Our analysis clearly shows that, despite the similarity in genre, there is a difference in register between wine tasting notes in English and Spanish.
Despite our having followed the same or similar criteria in English and Spanish during the process of compiling our abstracts and wine tasting notes comparable corpora, it is clear that the results are not the same. In the case of abstracts, the Spanish and English texts resemble each other in more ways than not:
They closely follow the order of the rhetorical structure.

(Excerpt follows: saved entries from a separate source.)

lemma aff_statesI:
  assumes "\<rho> \<in> density_ops J" "finite B" "\<forall>b\<in>B. \<tau> b \<in> S" "(\<Sum>b\<in>B. t b) = 1"
    and "\<rho> = (\<lambda>i j. \<Sum>b\<in>B. complex_of_real (t b) * \<tau> b i j)"
  shows "\<rho> \<in> aff_states J S"
proof -
  obtain h where h: "bij_betw h {..<card B} B"
    using ex_bij_betw_nat_finite[OF assms(2)] by (auto simp: atLeast0LessThan)
  show ?thesis
    unfolding aff_states_def
  proof (intro CollectI conjI exI)
    show "\<forall>a<card B. \<tau> (h a) \<in> S" using h assms(3) bij_betwE by fastforce
    show "(\<Sum>a<card B. t (h a)) = 1" using assms(4) sum.reindex_bij_betw[OF h, of t] by simp
    show "\<rho> = (\<lambda>i j. \<Sum>a<card B. complex_of_real (t (h a)) * \<tau> (h a) i j)"
    proof (intro ext)
      fix i j
      show "\<rho> i j = (\<Sum>a<card B. complex_of_real (t (h a)) * \<tau> (h a) i j)"
        using assms(5) sum.reindex_bij_betw[OF h, of "\<lambda>b. complex_of_real (t b) * \<tau> b i j"] by simp
    qed
  qed (fact assms(1))
qed

lemma hermitian_combination_in_aff_states:
  assumes "\<rho> \<in> density_ops J" "finite J" "finite B" "\<forall>b\<in>B. \<tau> b \<in> S"
    and "\<forall>\<sigma>\<in>S. hermitian_op \<sigma> \<and> trace_op J \<sigma> = 1"
    and \<rho>_eq: "\<rho> = (\<lambda>i j. \<Sum>b\<in>B. c b * \<tau> b i j)"
  shows "\<rho> \<in> aff_states J S"
proof (rule aff_statesI[OF assms(1,3,4)])
  have \<tau>: "hermitian_op (\<tau> b) \<and> trace_op J (\<tau> b) = 1" if "b \<in> B" for b
    using assms(4,5) that by blast
  have \<tau>_herm: "cnj (\<tau> b j i) = \<tau> b i j" if "b \<in> B" for b i j
    using \<tau>[OF that] unfolding hermitian_op_def by (metis complex_cnj_cnj)
  have "hermitian_op \<rho>" using assms(1,2) psd_hermitian unfolding density_ops_def by blast
  then have "\<rho> i j = cnj (\<Sum>b\<in>B. c b * \<tau> b j i)" for i j
    unfolding hermitian_op_def by (metis \<rho>_eq)
  also have "cnj (\<Sum>b\<in>B. c b * \<tau> b j i) = (\<Sum>b\<in>B. cnj (c b) * \<tau> b i j)" for i j
    using \<tau>_herm by (simp add: cnj_sum)
  finally have "2 * \<rho> i j = (\<Sum>b\<in>B. (c b + cnj (c b)) * \<tau> b i j)" for i j
    using \<rho>_eq by (simp add: sum.distrib distrib_right)
  then have "2 * \<rho> i j = 2 * (\<Sum>b\<in>B. complex_of_real (Re (c b)) * \<tau> b i j)" for i j
    by (simp add: complex_add_cnj sum_distrib_left mult.assoc)
  then show real_eq: "\<rho> = (\<lambda>i j. \<Sum>b\<in>B. complex_of_real (Re (c b)) * \<tau> b i j)"
    by (simp add: fun_eq_iff)
  have "trace_op J \<rho> = (\<Sum>b\<in>B. complex_of_real (Re (c b)) * trace_op J (\<tau> b))"
    by (subst real_eq) (simp add: trace_op_def sum_distrib_left sum.swap[of _ J])
  also have "\<dots> = complex_of_real (\<Sum>b\<in>B. Re (c b))"
    using \<tau> by simp
  finally show "(\<Sum>b\<in>B. Re (c b)) = 1"
    using assms(1) unfolding density_ops_def by (simp del: of_real_sum)
qed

The rhetorical structure is marked by headings.
The language is neutral to formal and the tone is objective.
All things considered, one can claim that the genre of abstracts, which is similar in English and Spanish, shows little linguistic variation in the two language corpora, having similar register features.
In the case of wine tasting notes, however, the Spanish and English texts differ in several respects:
The Spanish texts follow the order of the rhetorical structure more closely than do the English texts.
The Spanish texts mark the rhetorical structure by headings more often than do the English texts.
The language used in Spanish texts is neutral to formal and the tone is generally objective, whereas the language used in English texts is often informal and the tone more subjective.
Overall, there is more variation in the English texts compared to the Spanish texts.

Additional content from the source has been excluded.